Step 2: Fetch in parallel
Process URLs using WebFetch. Use parallel tool calls — fetch up to 5 URLs simultaneously to maximize speed. Report progress after each batch.
Step 3: Compile results
Build a results table. Group into:
- Successful — all key fields extracted
- Partial — some fields missing (still include in output)
- Failed — non-product page or fetch error
Step 4: Present results
Show a summary table in markdown with all successful + partial results. Flag any issues:
- "Price not found" for trade/dealer sites
- "Dimensions not found" if missing
- "Failed to fetch" for errors
Step 5: Ask about output format
Ask the user: "Where should I save this?" Options:
- Master Google Sheet — append rows to the shared product library. Ask for spreadsheet ID if not already known.

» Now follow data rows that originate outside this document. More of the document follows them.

(* In the weighted push-sum setting below, if $\{\mathbb G(t)\}$ is uniformly strongly connected, then the sequence of stochastic matrices $\{S(t)\}$ has a unique absolute probability sequence $\{\pi(t)\}$, given by $\pi_i(t)=y_i(t)$ for all $i\in\mathcal V$ and $t\ge0$.
   Context: Setting. Fix $n$ agents, $\mathcal V=\{1,\dots,n\}$. For each $t\in\{0,1,2,\dots\}$, $\mathbb G(t)=(\mathcal V,\mathcal E(t))$ is a directed graph containing a self-arc $(i,i)$ at every vertex; $\mathcal N_i(t)=\{j:(j,i)\in\mathcal E(t)\}$ and $\mathcal N_i^-(t)=\{k:(i,k)\in\mathcal E(t)\}$. Weights $w_{ij}(t)$ are positive for $j\in\mathcal N_i(t)$ and $w_{ij}(t)=0$ otherwise, and satisfy: there is $\beta>0$ with $w_{ij}(t)\ge\beta$ whenever $j\in\mathcal N_i(t)$, and $\sum_{j\in\mathcal N_i^-(t)}w_{ji}(t)=1$ for all $i,t$. The sequence $\{\mathbb G(t)\}$ is uniformly strongly connected if there is a positive integer $L$ such that for every $t\ge0$ the graph with vertex set $\mathcal V$ and edge set $\bigcup_{k=t}^{t+L-1}\mathcal E(k)$ is strongly connected. Weighted push-sum: each agent knows $c_i>0$ with $\sum_ic_i=1$; $y_i(t+1)=\sum_{j\in\mathcal N_i(t)}w_{ij}(t)y_j(t)$ with $y_i(0)=c_i$. Define the row-stochastic matrix $S(t)$ with entries $s_{ij}(t)=w_{ij}(t)y_j(t)/y_i(t+1)$. Definition: for a sequence $\{S(t)\}_{t\ge0}$ of (row) stochastic matrices, a sequence of stochastic vectors $\{\pi(t)\}_{t\ge0}$ (nonnegative entries summing to one) is an absolute probability sequence if $\pi^\top(t)=\pi^\top(t+1)S(t)$ for all $t\ge0$. *)

theory Defs
  imports "HOL-Analysis.Analysis"
begin

text \<open>Agents are indexed by 0..n-1 (a relabelling of 1..n). A time-varying digraph is
  E :: nat => (nat * nat) set; (j,i) in E t means arc from j to i at time t.
  Weights: w t i j is w_ij(t).\<close>

definition in_nbrs :: "(nat \<Rightarrow> (nat \<times> nat) set) \<Rightarrow> nat \<Rightarrow> nat \<Rightarrow> nat set" where
  "in_nbrs E t i = {j. (j, i) \<in> E t}"

definition out_nbrs :: "(nat \<Rightarrow> (nat \<times> nat) set) \<Rightarrow> nat \<Rightarrow> nat \<Rightarrow> nat set" where
  "out_nbrs E t i = {k. (i, k) \<in> E t}"

definition strongly_connected :: "nat \<Rightarrow> (nat \<times> nat) set \<Rightarrow> bool" where
  "strongly_connected n A \<longleftrightarrow>
     (\<forall>i<n. \<forall>j<n. (i, j) \<in> (A \<inter> ({0..<n} \<times> {0..<n}))\<^sup>*)"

- Local CSV — save to a specified path (default:
)./ffe-fetch-YYYY-MM-DD.csv - Just the table — leave as markdown in the conversation
Step 6: Save
Write the output in the chosen format using the 33-column master schema. For Google Sheets, use
mcp__google-sheets__update_cells to append rows. Set Clipped At to current timestamp and Source to bulk-fetch.
CSV Format
When saving to CSV, use the CSV header from
../../schema/product-schema.md.
Edge Cases
- Redirects or blocked pages: Note the URL as failed, move on
- Multiple products on one page: Extract only the primary/featured product
- Non-English pages: Extract data as-is, note the language. The cleanup skill handles translation.
- Vendor sites requiring login: Will likely fail — note as "Login required" and move on
- Duplicate URLs in input: Skip duplicates, note them
Error Reporting
After the batch completes, always report:
Fetched: X/Y successful, Z partial, W failed
List any failed URLs with the reason.